_WORK TASK_.
From the entries, return every line where the string "partial" shows up.

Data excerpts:
lemma H_window_sets: "{\<omega> \<in> space M. H \<omega> \<inter> box w i {\<alpha>..<\<beta>} \<noteq> {}} \<in> sets M"
proof (cases "\<alpha> < min \<beta> 0")
  case False
  then have "{\<omega> \<in> space M. H \<omega> \<inter> box w i {\<alpha>..<\<beta>} \<noteq> {}} = {}"
    using H_point by (fastforce simp: box_def)
  then show ?thesis by (simp only:) simp
next
  case True
  let ?U = "{\<alpha>..<min \<beta> 0}"
  have empty_sets: "{\<omega> \<in> space M. card (H \<omega> \<inter> Pt \<omega> (ereal \<alpha>) \<inter> box w i ?U) = 0} \<in> sets M"
  proof -
    have "?U \<in> sets borel" "?U \<subseteq> {\<alpha>..<0}" "\<alpha> < 0" using True by auto
    then show ?thesis using H_adapted F_sigma_subset by blast
  qed
  have "H \<omega> \<inter> box w i {\<alpha>..<\<beta>} \<noteq> {} \<longleftrightarrow> card (H \<omega> \<inter> Pt \<omega> (ereal \<alpha>) \<inter> box w i ?U) \<noteq> 0"
    if \<omega>: "\<omega> \<in> space M" for \<omega>
  proof -
    have eq: "H \<omega> \<inter> Pt \<omega> (ereal \<alpha>) \<inter> box w i ?U = H \<omega> \<inter> box w i {\<alpha>..<\<beta>}"
      using H_point[OF \<omega>] by (auto simp: Pt_def time_def box_def)
    have "H \<omega> \<inter> box w i {\<alpha>..<\<beta>} \<subseteq> (\<lambda>s. (w, i, s)) ` {s. (w, i, s) \<in> \<omega> \<and> s \<in> {\<alpha>..<\<beta>}}"
      using H_point[OF \<omega>] by (auto simp: box_def)
    moreover have "finite {s. (w, i, s) \<in> \<omega> \<and> s \<in> {\<alpha>..<\<beta>}}"
      using finite_points_bounded[of \<omega> A "{\<alpha>..<\<beta>}"] \<omega> space_M bounded_Ico by simp
    ultimately have "finite (H \<omega> \<inter> box w i {\<alpha>..<\<beta>})" by (rule finite_subset[OF _ finite_imageI])
    then show ?thesis unfolding eq by simp
  qed
  then have "{\<omega> \<in> space M. H \<omega> \<inter> box w i {\<alpha>..<\<beta>} \<noteq> {}}
      = space M - {\<omega> \<in> space M. card (H \<omega> \<inter> Pt \<omega> (ereal \<alpha>) \<inter> box w i ?U) = 0}"
    by blast
  then show ?thesis using empty_sets by auto
qed
(* Let $X$ be an infinite set with the discrete topology and let $G$ be a subgroup of the permutation group $\mathrm S(X)$ endowed with the permutation topology $\tau_\partial$. Then the Roelcke uniformity $L\wedge R$ of $G$ coincides with the uniformity $R_{\mathcal K}$, whose base consists of the coverings $\{O g\,\mathrm{St}_{x_1,\dots,x_n}\mid g\in G\}$ with $O$ a neighbourhood of the identity of $G$ and $x_1,\dots,x_n\in X$, $n\in\mathbb N$.
   Context: The permutation topology $\tau_\partial$ on $G$ is the group topology in which the pointwise stabilizers $\mathrm{St}_{x_1,\dots,x_n}=\{g\in G\mid g(x_i)=x_i\}$, $x_1,\dots,x_n\in X$, form a base of neighbourhoods of the identity. The Roelcke uniformity $L\wedge R$ is the greatest lower bound of the left and right uniformities; its base consists of the coverings $\{UgU\mid g\in G\}$, $U$ a neighbourhood of the identity. *)

theory Defs
  imports "HOL-Combinatorics.Permutations"
begin

definition perm_subgroup :: "'a set \<Rightarrow> ('a \<Rightarrow> 'a) set \<Rightarrow> bool" where
  "perm_subgroup X G \<longleftrightarrow> (\<forall>g\<in>G. g permutes X) \<and> id \<in> G \<and>
     (\<forall>g\<in>G. \<forall>h\<in>G. g \<circ> h \<in> G) \<and> (\<forall>g\<in>G. inv g \<in> G)"

definition stab :: "('a \<Rightarrow> 'a) set \<Rightarrow> 'a set \<Rightarrow> ('a \<Rightarrow> 'a) set" where
  "stab G F = {g\<in>G. \<forall>x\<in>F. g x = x}"

text \<open>Neighbourhoods of the identity of G in the permutation topology.\<close>
definition perm_nhd_id :: "'a set \<Rightarrow> ('a \<Rightarrow> 'a) set \<Rightarrow> ('a \<Rightarrow> 'a) set \<Rightarrow> bool" where
  "perm_nhd_id X G U \<longleftrightarrow> U \<subseteq> G \<and> (\<exists>F. finite F \<and> F \<subseteq> X \<and> stab G F \<subseteq> U)"

definition setcomp :: "('a \<Rightarrow> 'a) set \<Rightarrow> ('a \<Rightarrow> 'a) set \<Rightarrow> ('a \<Rightarrow> 'a) set" where
  "setcomp A B = {a \<circ> b | a b. a \<in> A \<and> b \<in> B}"

definition roelcke_base :: "'a set \<Rightarrow> ('a \<Rightarrow> 'a) set \<Rightarrow> ('a \<Rightarrow> 'a) set set set" where
  "roelcke_base X G = {(\<lambda>g. setcomp (setcomp U {g}) U) ` G | U. perm_nhd_id X G U}"

definition RK_base :: "'a set \<Rightarrow> ('a \<Rightarrow> 'a) set \<Rightarrow> ('a \<Rightarrow> 'a) set set set" where
  "RK_base X G = {(\<lambda>g. setcomp (setcomp V {g}) (stab G F)) ` G | V F.
                    perm_nhd_id X G V \<and> finite F \<and> F \<subseteq> X}"

definition refines :: "'b set set \<Rightarrow> 'b set set \<Rightarrow> bool" where
  "refines C D \<longleftrightarrow> (\<forall>A\<in>C. \<exists>B\<in>D. A \<subseteq> B)"

definition unif_from_base :: "'b set \<Rightarrow> 'b set set set \<Rightarrow> 'b set set set" where
  "unif_from_base S Base = {C. C \<subseteq> Pow S \<and> \<Union>C = S \<and> (\<exists>B\<in>Base. refines B C)}"

end

theory Submission
  imports Defs
begin

text \<open>Since the pointwise stabilizers form a base at the identity, each covering of either
  kind is refined by one of the other kind: if \<open>St\<^sub>F \<subseteq> U\<close> then \<open>U g St\<^sub>F \<subseteq> U g U\<close>, and
  conversely \<open>U = St\<^bsub>F \<union> F'\<^esub>\<close> with \<open>St\<^bsub>F'\<^esub> \<subseteq> V\<close> gives \<open>U g U \<subseteq> V g St\<^sub>F\<close>.\<close>

lemma refines_trans: "refines A B \<Longrightarrow> refines B C \<Longrightarrow> refines A C"
  unfolding refines_def by (meson order_trans)

lemma refines_image_mono:
  assumes "\<And>g. g \<in> G \<Longrightarrow> f g \<subseteq> h g"
  shows "refines (f ` G) (h ` G)"
  unfolding refines_def using assms by blast

lemma unif_from_base_mono:
  assumes "\<And>B. B \<in> Base1 \<Longrightarrow> \<exists>B'\<in>Base2. refines B' B"
  shows "unif_from_base S Base1 \<subseteq> unif_from_base S Base2"
proof
  fix C assume "C \<in> unif_from_base S Base1"
  then obtain B where C: "C \<subseteq> Pow S" "\<Union>C = S" and B: "B \<in> Base1" "refines B C"
    unfolding unif_from_base_def by blast
  obtain B' where "B' \<in> Base2" "refines B' B"
    using assms[OF B(1)] by blast
  then show "C \<in> unif_from_base S Base2"
    unfolding unif_from_base_def using C B(2) refines_trans by blast
qed

lemma setcomp_mono: "A \<subseteq> A' \<Longrightarrow> B \<subseteq> B' \<Longrightarrow> setcomp A B \<subseteq> setcomp A' B'"
  unfolding setcomp_def by blast

lemma stab_antimono: "F \<subseteq> F' \<Longrightarrow> stab G F' \<subseteq> stab G F"
  unfolding stab_def by blast

lemma perm_nhd_id_stab: "finite F \<Longrightarrow> F \<subseteq> X \<Longrightarrow> perm_nhd_id X G (stab G F)"
  unfolding perm_nhd_id_def stab_def by blast

lemma RK_base_refined_by_roelcke_base:
  assumes "B \<in> RK_base X G"
  shows "\<exists>R\<in>roelcke_base X G. refines R B"
proof -
  obtain V F where B: "B = (\<lambda>g. setcomp (setcomp V {g}) (stab G F)) ` G"
    and V: "perm_nhd_id X G V" and F: "finite F" "F \<subseteq> X"
    using assms unfolding RK_base_def by blast
  obtain F' where F': "finite F'" "F' \<subseteq> X" "stab G F' \<subseteq> V"
    using V unfolding perm_nhd_id_def by blast
  define U where "U = stab G (F \<union> F')"
  have "U \<subseteq> V" "U \<subseteq> stab G F"
    using F'(3) stab_antimono[of F' "F \<union> F'" G] stab_antimono[of F "F \<union> F'" G]
    unfolding U_def by auto
  then have "refines ((\<lambda>g. setcomp (setcomp U {g}) U) ` G) B"
    unfolding B by (intro refines_image_mono setcomp_mono order_refl)
  moreover have "(\<lambda>g. setcomp (setcomp U {g}) U) ` G \<in> roelcke_base X G"
    using perm_nhd_id_stab[of "F \<union> F'" X G] F F' unfolding roelcke_base_def U_def by auto
  ultimately show ?thesis by blast
qed

lemma roelcke_base_refined_by_RK_base:
  assumes "B \<in> roelcke_base X G"
  shows "\<exists>R\<in>RK_base X G. refines R B"
proof -
  obtain U where B: "B = (\<lambda>g. setcomp (setcomp U {g}) U) ` G" and U: "perm_nhd_id X G U"
    using assms unfolding roelcke_base_def by blast
  obtain F where F: "finite F" "F \<subseteq> X" "stab G F \<subseteq> U"
    using U unfolding perm_nhd_id_def by blast
  have "refines ((\<lambda>g. setcomp (setcomp U {g}) (stab G F)) ` G) B"
    unfolding B by (intro refines_image_mono setcomp_mono F(3) order_refl)
  moreover have "(\<lambda>g. setcomp (setcomp U {g}) (stab G F)) ` G \<in> RK_base X G"
    using U F(1,2) unfolding RK_base_def by auto
  ultimately show ?thesis by blast
qed

theorem proposition3p0:
  fixes X :: "'a set" and G :: "('a \<Rightarrow> 'a) set"
  assumes "infinite X" and "perm_subgroup X G"
  shows "unif_from_base G (roelcke_base X G) = unif_from_base G (RK_base X G)"
  using unif_from_base_mono[OF roelcke_base_refined_by_RK_base]
    unif_from_base_mono[OF RK_base_refined_by_roelcke_base]
  by (intro equalityI)

end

_WORKED SOLUTION_.
(* Let $X$ be an infinite set with the discrete topology and let $G$ be a subgroup of the permutation group $\mathrm S(X)$ endowed with the permutation topology $\tau_\partial$. Then the Roelcke uniformity $L\wedge R$ of $G$ coincides with the uniformity $R_{\mathcal K}$, whose base consists of the coverings $\{O g\,\mathrm{St}_{x_1,\dots,x_n}\mid g\in G\}$ with $O$ a neighbourhood of the identity of $G$ and $x_1,\dots,x_n\in X$, $n\in\mathbb N$.
   Context: The permutation topology $\tau_\partial$ on $G$ is the group topology in which the pointwise stabilizers $\mathrm{St}_{x_1,\dots,x_n}=\{g\in G\mid g(x_i)=x_i\}$, $x_1,\dots,x_n\in X$, form a base of neighbourhoods of the identity. The Roelcke uniformity $L\wedge R$ is the greatest lower bound of the left and right uniformities; its base consists of the coverings $\{UgU\mid g\in G\}$, $U$ a neighbourhood of the identity. *)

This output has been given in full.